時差ぼけは、飛行機などで複数のタイムゾーンを高速で移動するときに発生します。つまり、目的地に到着しても、体内時計は出発地のスケジュールで動いていることになります。

その結果、日中は疲れを感じ、夜間は気分がすっきりして活力に満ち溢れるようになります。

さらに、旅行のために早朝に起きる必要があり、旅行中に眠れない可能性もある(エコノミークラスでの長距離飛行は必ずしも十分な休息につながるわけではない)ため、体内時計が乱れ、不眠症になる可能性が高くなります。

夜9時半でもまだ太陽が輝く中、ビアガーデンで友人と晩酌を楽しむことほど「夏」を象徴するものはありません。しかし、夜の社交を長引かせると、睡眠時間が乱れ、不眠症になる可能性が高くなるという欠点があります。

「夏の不眠症のもう一つの潜在的な側面は、睡眠スケジュールの変化です」とペリー博士は言う。
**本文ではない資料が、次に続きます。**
(* Let $x,y>0$, let $\theta\in(0,\frac{\pi}{2})$, and let $\mathbf z=(xy\cos\theta,x^2,y^2)$. For $\theta\in(\arccos\frac{2}{\pi},\frac{\pi}{3})$ let $\beta_1\in(1,\infty)$ be the unique solution of $$\arccos\left(\frac{1}{\beta_1}\right)=\frac{(\beta_1+\cos\theta)\sqrt{\beta_1^2-1}}{\beta_1(\beta_1\cos\theta+1)}.$$ Let $\Lambda^*_-$ be as defined in the context. Then $\Lambda^*_-(\mathbf z)=\frac{x^2}{2}+\frac{y^2}{2}-1-\ln(xy)+E(\theta)$, where: - $E(\theta)=0$ if $\theta\in(0,\arccos\frac{2}{\pi}]$; - $E(\theta)=\ln\left(\frac{\pi\beta_1(\beta_1\cos\theta+1)}{2(\cos\theta+\beta_1)^2}\right)$ if $\theta\in(\arccos\frac{2}{\pi},\frac{\pi}{3})$; - $E(\theta)=\ln\left(\frac{\pi}{2(1+\cos\theta)}\right)$ if $\theta\in[\frac{\pi}{3},\frac{\pi}{2})$.
   Context: For $\boldsymbol\lambda=(\lambda_1,\lambda_2,\lambda_3)\in\mathbb{R}^3$ let $D=\lambda_1^2-(1-2\lambda_2)(1-2\lambda_3)$, and let $$S=\{\boldsymbol\lambda:\lambda_2<\tfrac12,\ \lambda_3<\tfrac12,\ D<0\}.$$ For $\boldsymbol\lambda\in S$ put $$\Lambda(\boldsymbol\lambda)=\ln\left(\pi+2\arctan\left(\frac{\lambda_1}{\sqrt{-D}}\right)\right)-\ln\pi-\tfrac12\ln(-D).$$ This is the log moment generating function of $(\hat X\hat Y,\hat X^2,\hat Y^2)$ for independent half-normal $\hat X,\hat Y$. Define $$\Lambda^*_-(\mathbf z)=\sup_{\boldsymbol\lambda\in S,\ \lambda_1<0}\{\langle\boldsymbol\lambda,\mathbf z\rangle-\Lambda(\boldsymbol\lambda)\}.$$ *)

theory Defs
  imports "HOL-Analysis.Analysis"
begin

definition Dd :: "real \<times> real \<times> real \<Rightarrow> real" where
  "Dd l = (case l of (l1, l2, l3) \<Rightarrow> l1^2 - (1 - 2*l2) * (1 - 2*l3))"

definition SS :: "(real \<times> real \<times> real) set" where
  "SS = {(l1, l2, l3). l2 < 1/2 \<and> l3 < 1/2 \<and> Dd (l1, l2, l3) < 0}"

definition Lam :: "real \<times> real \<times> real \<Rightarrow> real" where
  "Lam l = (case l of (l1, l2, l3) \<Rightarrow>
     ln (pi + 2 * arctan (l1 / sqrt (- Dd l))) - ln pi - (1/2) * ln (- Dd l))"

definition ip3 :: "real \<times> real \<times> real \<Rightarrow> real \<times> real \<times> real \<Rightarrow> real" where
  "ip3 l z = (case l of (l1, l2, l3) \<Rightarrow> case z of (z1, z2, z3) \<Rightarrow> l1*z1 + l2*z2 + l3*z3)"

text \<open>Lambda^*_-, as an extended real supremum (so it is always defined).\<close>
definition LamStarMinus :: "real \<times> real \<times> real \<Rightarrow> ereal" where
  "LamStarMinus z = (SUP l \<in> {l \<in> SS. fst l < 0}. ereal (ip3 l z - Lam l))"

definition beta1 :: "real \<Rightarrow> real" where
  "beta1 \<theta> = (THE b. 1 < b \<and>
      arccos (1 / b) = (b + cos \<theta>) * sqrt (b^2 - 1) / (b * (b * cos \<theta> + 1)))"

end

theory Submission
  imports Defs
begin

text \<open>
  For \<open>\<lambda>\<^sub>1 < 0\<close> in \<open>S\<close> put \<open>a = 1 - 2\<lambda>\<^sub>2\<close>, \<open>b = 1 - 2\<lambda>\<^sub>3\<close>, \<open>m = \<surd>(ab)\<close> and write
  \<open>\<lambda>\<^sub>1 = -m cos u\<close>, \<open>\<surd>(-D) = m sin u\<close> with \<open>u \<in> (0, \<pi>/2)\<close>; then
  \<open>\<Lambda>(\<lambda>) = ln (2u/\<pi>) - ln (m sin u)\<close>. For fixed \<open>u\<close>, AM-GM and \<open>ln t \<le> t - 1\<close> bound
  \<open>\<langle>\<lambda>, z\<rangle> - \<Lambda>(\<lambda>)\<close> by \<open>x\<^sup>2/2 + y\<^sup>2/2 - 1 - ln (xy) + G(c, u)\<close>, where \<open>c = cos \<theta>\<close> and
  \<open>G(c, u) = ln (\<pi> sin u / (2u (1 + c cos u)))\<close>, with equality for a suitable choice of \<open>a, b\<close>.
  So \<open>\<Lambda>\<^sup>*\<^sub>-(z)\<close> is that constant plus \<open>sup\<^sub>u G(c, u)\<close>.

  The derivative of \<open>G\<close> has the sign of \<open>K(u) = u (cos u + c) - sin u (1 + c cos u)\<close>.
  We have \<open>K(0) = 0\<close>, \<open>K(\<pi>/2) = c\<pi>/2 - 1\<close> and \<open>K' = sin u (2c sin u - u)\<close>; as \<open>sin u / u\<close>
  decreases, \<open>K\<close> first increases and then decreases. Hence \<open>G\<close> increases to \<open>G(\<pi>/2) = 0\<close> if
  \<open>c \<ge> 2/\<pi>\<close>, decreases from \<open>G(0\<^sup>+) = ln (\<pi> / (2 (1 + c)))\<close> if \<open>c \<le> 1/2\<close>, and otherwise is
  maximal at the unique zero \<open>u\<^sub>1\<close> of \<open>K\<close>, which corresponds to \<open>\<beta>\<^sub>1 = 1 / cos u\<^sub>1\<close>.
\<close>

definition angle_profile :: "real \<Rightarrow> real \<Rightarrow> real" where
  "angle_profile c u = ln pi + ln (sin u) - ln 2 - ln u - ln (1 + c * cos u)"

definition angle_profile_numer :: "real \<Rightarrow> real \<Rightarrow> real" where
  "angle_profile_numer c u = u * (cos u + c) - sin u * (1 + c * cos u)"

lemma one_plus_mult_cos_pos:
  fixes c u :: real
  assumes "-1 < c" "0 \<le> cos u"
  shows "0 < 1 + c * cos u"
proof (cases "0 \<le> c")
  case True
  then show ?thesis using assms by (simp add: add_pos_nonneg)
next
  case False
  then have "c \<le> c * cos u" using cos_le_one[of u] by (simp add: mult_le_cancel_left1)
  then show ?thesis using assms by linarith
qed

lemma has_real_derivative_angle_profile:
  assumes "0 < u" "u \<le> pi/2" "-1 < c"
  shows "(angle_profile c has_real_derivative
           angle_profile_numer c u / (u * sin u * (1 + c * cos u))) (at u)"
proof -
  have s: "sin u > 0" using assms by (intro sin_gt_zero) auto
  have d: "1 + c * cos u > 0" using assms by (intro one_plus_mult_cos_pos cos_ge_zero) auto
  have "(angle_profile c has_real_derivative
          cos u / sin u - 1 / u - (c * - sin u) / (1 + c * cos u)) (at u)"
    unfolding angle_profile_def [abs_def] using s d assms by (auto intro!: derivative_eq_intros)
  moreover have "cos u / sin u - 1 / u - (c * - sin u) / (1 + c * cos u)
      = angle_profile_numer c u / (u * sin u * (1 + c * cos u))"
  proof -
    have "c * (cos u * cos u) + c * (sin u * sin u) = c"
      by (metis distrib_left mult.right_neutral sin_cos_squared_add3)
    then have "cos u / sin u - (c * - sin u) / (1 + c * cos u)
        = (cos u + c) / (sin u * (1 + c * cos u))"
      using s d by (simp add: field_simps)
    moreover have "(cos u + c) / (sin u * e) - 1 / u
        = (u * (cos u + c) - sin u * e) / (u * sin u * e)" if "e > 0" for e
      using s that assms by (simp add: field_simps)
    ultimately show ?thesis using d unfolding angle_profile_numer_def by fastforce
  qed
  ultimately show ?thesis by simp
qed

lemma has_real_derivative_angle_profile_numer:
  "(angle_profile_numer c has_real_derivative sin u * (2 * c * sin u - u)) (at u)"
proof -
  have "(angle_profile_numer c has_real_derivative
          (cos u + c) + u * (- sin u) - (cos u * (1 + c * cos u) + sin u * (c * - sin u))) (at u)"
    unfolding angle_profile_numer_def [abs_def] by (auto intro!: derivative_eq_intros)
  moreover have "c * (cos u)\<^sup>2 + c * (sin u)\<^sup>2 = c"
    by (metis distrib_left mult.right_neutral sin_cos_squared_add2)
  then have "(cos u + c) + u * (- sin u) - (cos u * (1 + c * cos u) + sin u * (c * - sin u))
      = sin u * (2 * c * sin u - u)"
    by (simp add: algebra_simps power2_eq_square)
  ultimately show ?thesis by simp
qed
「夏の間は睡眠スケジュールが緩くなる傾向があります。そのため、体内時計が乱れ、眠りにつくまでに時間がかかり、眠り続けるのも難しくなります」と彼女は説明します。

脚付きグラスでお酒を飲む3人

(画像クレジット:ゲッティ/ジュゼッペ・ロンバルド/アイエム)

また、アルコール飲料を好む場合、就寝時間に近い時間に飲酒すると、睡眠能力に重大な悪影響を与える可能性があります。

アルコールの鎮静作用は暑いときに眠りに落ちるのを早めるかもしれませんが、夜の最初の部分のレム睡眠の減少や中断につながる可能性があります。

それだけではありません。「アルコールが代謝されるとコルチゾールが放出され、夜間に目が覚め、再び眠りにつくのが難しくなることがあります」と、リア・ケイラー医師は以前私たちに説明していました。

5. アレルギー

夏の不眠症を引き起こすもう一つの要因は、アレルゲンの増加です。

「花粉の量が多いと、夏季にアレルギー反応が誘発され、花粉症の人は睡眠障害を起こす可能性があります」とブラウニング博士は言う。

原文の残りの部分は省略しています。